The following sections delve into the uses of the six major query clauses

## The `select` Clause

   Albeit the `select` clause is the first clause of a SQL query statement, it is one of the last clauses that the database server evaluates. The reason for this is that before you can determine what to include in the final result set, you need to know all of the possible columns that could be included in the final result set. The `select` clause is typically paired with `from` clause. Here's a query to get started:

*Initial setup to load sql module in order to run sql statements on this Notebook:*

***Note:*** *Each cell demonstrating SQL code in Jupyter Notebook needs to begin with `%%sql` in order to have the interpreter to treat the code as SQL statements/queries. The `%%sql` is not needed otherwise in SQL/database-client tools.*

*Initial setup to load sql module in order to run sql statements on this Notebook:*

In [1]:
%load_ext sql
%sql postgresql://postgres:password@localhost/dvdrental

In [2]:
%%sql 

SELECT * FROM actor;

 * postgresql://postgres:***@localhost/dvdrental
200 rows affected.


actor_id,first_name,last_name,last_update
1,Penelope,Guiness,2013-05-26 14:47:57.620000
2,Nick,Wahlberg,2013-05-26 14:47:57.620000
3,Ed,Chase,2013-05-26 14:47:57.620000
4,Jennifer,Davis,2013-05-26 14:47:57.620000
5,Johnny,Lollobrigida,2013-05-26 14:47:57.620000
6,Bette,Nicholson,2013-05-26 14:47:57.620000
7,Grace,Mostel,2013-05-26 14:47:57.620000
8,Matthew,Johansson,2013-05-26 14:47:57.620000
9,Joe,Swank,2013-05-26 14:47:57.620000
10,Christian,Gable,2013-05-26 14:47:57.620000


In this query, the `from` clause lists a single table (*actor*), and the `select` clause indicates that all columns (designed by \*) in the *actor* table should be included in the result set.
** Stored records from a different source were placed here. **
lemma (in local_field) bounded_subgroup_in_compact_subgroup:
  assumes "subgroup H PSL2" "\<forall>g\<in>\<Union>H. entries_bounded k g"
  shows "\<exists>C. subgroup C PSL2 \<and> compactin (PSL2_topology v) C \<and> H \<subseteq> C"
proof -
  have "bounded_SL2_subgroup v (\<Union>H) (max k 0)"
  proof (intro bounded_SL2_subgroup.intro bounded_SL2_subgroup_axioms.intro)
    show "local_field v" by (rule local_field_axioms)
    show "\<Union>H \<subseteq> SL2" "m2id \<in> \<Union>H" by (rule subgroup_PSL2_Union[OF assms(1)])+
    show "m2mult g h \<in> \<Union>H" if "g \<in> \<Union>H" "h \<in> \<Union>H" for g h
      using subgroup_PSL2_Union(3)[OF assms(1) that] .
    show "m2adj g \<in> \<Union>H" if "g \<in> \<Union>H" for g
      using subgroup_PSL2_Union(4)[OF assms(1) that] .
    show "entries_bounded (max k 0) g" if "g \<in> \<Union>H" for g
      using assms(2) that entries_bounded_mono[OF max.cobounded1] by blast
  qed simp
  then have "\<exists>C. subgroup C PSL2 \<and> compactin (PSL2_topology v) C \<and> psl_class ` \<Union>H \<subseteq> C"
    by (rule bounded_SL2_subgroup.psl_class_in_compact_subgroup)
  then obtain C where C: "subgroup C PSL2 \<and> compactin (PSL2_topology v) C \<and> psl_class ` \<Union>H \<subseteq> C" ..
  have "H \<subseteq> psl_class ` \<Union>H"
  proof
    fix A assume A: "A \<in> H"
    then obtain a where "A = psl_class a" using subgroup.subset[OF assms(1)] carrier_PSL2 by blast
    then show "A \<in> psl_class ` \<Union>H" using A mem_psl_class by blast
  qed
  then have "H \<subseteq> C" using conjunct2[OF conjunct2[OF C]] by (rule subset_trans)
  then have "subgroup C PSL2 \<and> compactin (PSL2_topology v) C \<and> H \<subseteq> C" using C by simp
  then show ?thesis ..
qed


lemma (in local_field) hom_PSL2_normal_image_trivial:
  assumes hom: "group_hom \<Gamma> PSL2 \<rho>" and "normal \<Upsilon> \<Gamma>"
    and "zariski_dense_PSL2 (\<rho> ` carrier \<Gamma>)"
    and "\<not> (\<exists>C. subgroup C PSL2 \<and> compactin (PSL2_topology v) C \<and> \<rho> ` carrier \<Gamma> \<subseteq> C)"
    and j: "\<forall>n\<in>\<Union>(\<rho> ` \<Upsilon>). entries_bounded j n"
    and u: "u \<in> \<Upsilon>"
  shows "\<rho> u = \<one>\<^bsub>PSL2\<^esub>"
proof (rule ccontr)
  assume ne: "\<rho> u \<noteq> \<one>\<^bsub>PSL2\<^esub>"
  let ?H = "\<rho> ` carrier \<Gamma>"
  have H: "subgroup ?H PSL2" by (rule group_hom.img_is_subgroup[OF hom])
  have "u \<in> carrier \<Gamma>" using u assms(2) normal_imp_subgroup subgroup.subset by blast
  then have "\<rho> u \<in> carrier PSL2" by (rule group_hom.hom_closed[OF hom])
  then obtain n where n: "n \<in> \<rho> u" "n \<in> SL2" "n \<noteq> m2id" "n \<noteq> m2neg m2id"
    using ne by (rule PSL2_noncentral_representative)
  have conj: "\<forall>g\<in>\<Union>?H. \<forall>x\<in>\<Union>(\<rho> ` \<Upsilon>). m2conj x g \<in> \<Union>(\<rho> ` \<Upsilon>)"
    using hom_PSL2_normal_m2conj_closed[OF hom assms(2)] by blast
  have "n \<in> \<Union>(\<rho> ` \<Upsilon>)" using n(1) u by blast
  then have "\<exists>k. \<forall>g\<in>\<Union>?H. entries_bounded k g"
    by (rule bounded_if_normalises_bounded_noncentral[OF subgroup_PSL2_Union(1)[OF H]
        assms(3)[unfolded zariski_dense_PSL2_def] _ n(2-4) conj j])
  then obtain k where "\<forall>g\<in>\<Union>?H. entries_bounded k g" ..
  then show False by (rule notE[OF assms(4) bounded_subgroup_in_compact_subgroup[OF H]])
qed
text \<open>Subtracting a suitable combination of the D_\<alpha>, |\<alpha>| = d+1, from an operator of order
  \<le> d+1 kills its top-degree symbols and hence lowers its order to \<le> d.\<close>
lemma subtract_top_layer:
  assumes kP: "klin phi P" and oP: "ord_below (Suc (Suc d)) P"
  shows "\<exists>e. diffop phi d (\<lambda>x. P x - (\<Sum>\<alpha>\<in>layer n (Suc d). e \<alpha> * Dop \<alpha> x))"
proof -
  obtain e where e: "\<And>as. length as = Suc d \<Longrightarrow>
      symbol P as = (\<Sum>\<alpha>\<in>layer n (Suc d). e \<alpha> * symbol (Dop \<alpha>) as)"
    using symbol_layer_span[OF kP oP] by blast
  define Q where "Q = (\<lambda>x. \<Sum>\<alpha>\<in>layer n (Suc d). e \<alpha> * Dop \<alpha> x)"
  have "klin phi (\<lambda>x. P x - Q x)"
    unfolding Q_def by (rule klin_diff[OF kP klin_comb[OF finite_layer]])
  moreover have "ord_below (Suc d) (\<lambda>x. P x - Q x)"
  proof (rule ord_below_lower)
    show "ord_below (Suc (Suc d)) (\<lambda>x. P x - Q x)"
      unfolding Q_def by (rule ord_below_diff[OF oP ord_below_layer_comb])
    show "symbol (\<lambda>x. P x - Q x) as = 0" if "length as = Suc d" for as
      using e[OF that] by (simp add: Q_def symbol_diff symbol_comb[OF finite_layer])
  qed
  ultimately show ?thesis by (auto simp: Q_def diffop_iff_ord_below)
qed

lemma expansion_exists:
  "diffop phi d P \<Longrightarrow> \<exists>a. (\<forall>\<alpha>. \<alpha> \<notin> multi_idx n d \<longrightarrow> a \<alpha> = 0)
     \<and> P = (\<lambda>x. \<Sum>\<alpha>\<in>multi_idx n d. a \<alpha> * Dop \<alpha> x)"
proof (induction d arbitrary: P)
  case 0
  then obtain c where P: "P = (\<lambda>x. c * x)" by auto
  show ?case
    by (rule exI[of _ "\<lambda>\<alpha>. if \<alpha> = (\<lambda>_. 0) then c else 0"]) (simp add: P multi_idx_0 Dop_zero)
next
  case (Suc d)
  then have "klin phi P" "ord_below (Suc (Suc d)) P" by (simp_all add: diffop_iff_ord_below)
  then obtain e where "diffop phi d (\<lambda>x. P x - (\<Sum>\<alpha>\<in>layer n (Suc d). e \<alpha> * Dop \<alpha> x))"
    using subtract_top_layer by blast
  then obtain a' where a'0: "\<forall>\<alpha>. \<alpha> \<notin> multi_idx n d \<longrightarrow> a' \<alpha> = 0"
    and a': "(\<lambda>x. P x - (\<Sum>\<alpha>\<in>layer n (Suc d). e \<alpha> * Dop \<alpha> x))
        = (\<lambda>x. \<Sum>\<alpha>\<in>multi_idx n d. a' \<alpha> * Dop \<alpha> x)"
    using Suc.IH by blast
  define a where "a \<alpha> = (if \<alpha> \<in> layer n (Suc d) then e \<alpha> else a' \<alpha>)" for \<alpha>
  have "P x = (\<Sum>\<alpha>\<in>multi_idx n (Suc d). a \<alpha> * Dop \<alpha> x)" for x
  proof -
    have "(\<Sum>\<alpha>\<in>multi_idx n d. a \<alpha> * Dop \<alpha> x) = (\<Sum>\<alpha>\<in>multi_idx n d. a' \<alpha> * Dop \<alpha> x)"
      using multi_idx_layer_disj[of n d] by (auto simp: a_def intro!: sum.cong)
    moreover have "(\<Sum>\<alpha>\<in>layer n (Suc d). a \<alpha> * Dop \<alpha> x) = (\<Sum>\<alpha>\<in>layer n (Suc d). e \<alpha> * Dop \<alpha> x)"
      by (simp add: a_def)
    ultimately show ?thesis
      using fun_cong[OF a', of x] by (simp add: sum_multi_idx_Suc diff_eq_eq)
  qed
  moreover have "\<forall>\<alpha>. \<alpha> \<notin> multi_idx n (Suc d) \<longrightarrow> a \<alpha> = 0"
    using a'0 by (simp add: a_def multi_idx_Suc)
  ultimately show ?case by auto
qed

text \<open>Uniqueness: the zero operator has only the zero expansion.  The top-degree
  coefficients vanish by independence of top-degree symbols; then induct on the degree.\<close>
lemma expansion_zero:
  "(\<forall>\<alpha>. \<alpha> \<notin> multi_idx n d \<longrightarrow> a \<alpha> = 0) \<Longrightarrow>
    (\<lambda>x. \<Sum>\<alpha>\<in>multi_idx n d. a \<alpha> * Dop \<alpha> x) = (\<lambda>x. 0) \<Longrightarrow> a \<alpha> = 0"
proof (induction d arbitrary: \<alpha>)
  case 0
  have "a (\<lambda>_. 0) = 0" using fun_cong[OF 0(2), of 1] by (simp add: multi_idx_0 Dop_zero)
  then show ?case using 0(1) by (cases "\<alpha> = (\<lambda>_. 0)") (auto simp: multi_idx_0)
next
  case (Suc d)
  have top: "a \<beta> = 0" if \<beta>: "\<beta> \<in> layer n (Suc d)" for \<beta>
  proof (rule symbol_layer_coeffs_zero[OF _ \<beta>])
    fix as :: "'a list" assume len: "length as = Suc d"
    have "(\<Sum>\<alpha>\<in>multi_idx n d. a \<alpha> * symbol (Dop \<alpha>) as) = 0"
      using len by (intro sum.neutral ballI) (simp add: multi_idx_def symbol_Dop_high)
    moreover have "(\<Sum>\<alpha>\<in>multi_idx n (Suc d). a \<alpha> * symbol (Dop \<alpha>) as) = 0"
      using arg_cong[OF Suc.prems(2), of "\<lambda>Q. symbol Q as"] by (simp add: symbol_comb finite_multi_idx)
    ultimately show "(\<Sum>\<alpha>\<in>layer n (Suc d). a \<alpha> * symbol (Dop \<alpha>) as) = 0"
      by (simp add: sum_multi_idx_Suc)
  qed
  have "\<forall>\<alpha>. \<alpha> \<notin> multi_idx n d \<longrightarrow> a \<alpha> = 0"
    using Suc.prems(1) top by (auto simp: multi_idx_Suc)
  moreover have "(\<lambda>x. \<Sum>\<alpha>\<in>multi_idx n d. a \<alpha> * Dop \<alpha> x) = (\<lambda>x. 0)"
    using Suc.prems(2) top by (simp add: sum_multi_idx_Suc fun_eq_iff)
  ultimately show ?case using Suc.IH by blast
qed

lemma expansion_unique:
  assumes "\<forall>\<alpha>. \<alpha> \<notin> multi_idx n d \<longrightarrow> a \<alpha> = 0" and "\<forall>\<alpha>. \<alpha> \<notin> multi_idx n d \<longrightarrow> b \<alpha> = 0"
    and "(\<lambda>x. \<Sum>\<alpha>\<in>multi_idx n d. a \<alpha> * Dop \<alpha> x) = (\<lambda>x. \<Sum>\<alpha>\<in>multi_idx n d. b \<alpha> * Dop \<alpha> x)"
  shows "a = b"
proof
  fix \<alpha>
  have "(\<lambda>x. \<Sum>\<alpha>\<in>multi_idx n d. (a \<alpha> - b \<alpha>) * Dop \<alpha> x) = (\<lambda>x. 0)"
    using assms(3) by (simp add: fun_eq_iff left_diff_distrib sum_subtractf)
  then have "a \<alpha> - b \<alpha> = 0"
    using assms(1,2) expansion_zero[of d "\<lambda>\<alpha>. a \<alpha> - b \<alpha>"] by simp
  then show "a \<alpha> = b \<alpha>" by simp
qed

end

theorem mainTheorem15:
  fixes phi :: "'k::comm_ring_1 \<Rightarrow> 'a::comm_ring_1"
    and Dd :: "nat \<Rightarrow> nat \<Rightarrow> 'a \<Rightarrow> 'a"
    and n d :: nat
    and P :: "'a \<Rightarrow> 'a"
  assumes alg: "ring_hom_fn phi"
    and ider: "Ider phi = Der phi"
    and hs: "\<forall>j<n. HS phi (Dd j)"
    and span: "\<forall>\<delta>\<in>Der phi. \<exists>b :: nat \<Rightarrow> 'a. \<delta> = (\<lambda>x. \<Sum>j<n. b j * Dd j 1 x)"
    and indep: "\<forall>b :: nat \<Rightarrow> 'a. (\<lambda>x. \<Sum>j<n. b j * Dd j 1 x) = (\<lambda>x. 0) \<longrightarrow> (\<forall>j<n. b j = 0)"
    and P: "diffop phi d P"
  shows "\<exists>!a :: (nat \<Rightarrow> nat) \<Rightarrow> 'a. (\<forall>\<alpha>. \<alpha> \<notin> multi_idx n d \<longrightarrow> a \<alpha> = 0)
           \<and> P = (\<lambda>x. \<Sum>\<alpha>\<in>multi_idx n d. a \<alpha> * Dcomp Dd n \<alpha> x)"
proof -
  interpret HS_basis phi Dd n
    using hs span indep by unfold_locales
  show ?thesis
    using expansion_exists[OF P] expansion_unique by blast
qed


end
Basically the query statement could be described in English as follows:

> *Show me all columns and all rows in the **actor** table*

Also note that each SQL statement has to end with a semi-colon. Otherwise the SQL interpreter will continue to expect additional clauses for input.

You can also explicitly name the columns you are interested in the query, such as:

In [3]:
%%sql

SELECT first_name, last_name FROM actor;

 * postgresql://postgres:***@localhost/dvdrental
200 rows affected.


first_name,last_name
Penelope,Guiness
Nick,Wahlberg
Ed,Chase
Jennifer,Davis
Johnny,Lollobrigida
Bette,Nicholson
Grace,Mostel
Matthew,Johansson
Joe,Swank
Christian,Gable


   Thus the `select` clause determines which of all possible columns should be included in the query's result set. 
   Also, it is not a good practice to use the asterisk (*) in the `select` statement when you use the embedded SQL statements in the code due to the following reasons:

+ For a large table with many columns, the `select` statement with an asterisk (*) shorthand will retrieve data from all columns of the table, which may not be necessary.
+ In addition, retrieving unnecessary data from the database increases the traffic between the database and application layers. As a result, your applications will be slow and less scalable. Therefore, it is a good practice to specify the column names explicitly in the `select` clause whenever possible to get only necessary data from a table.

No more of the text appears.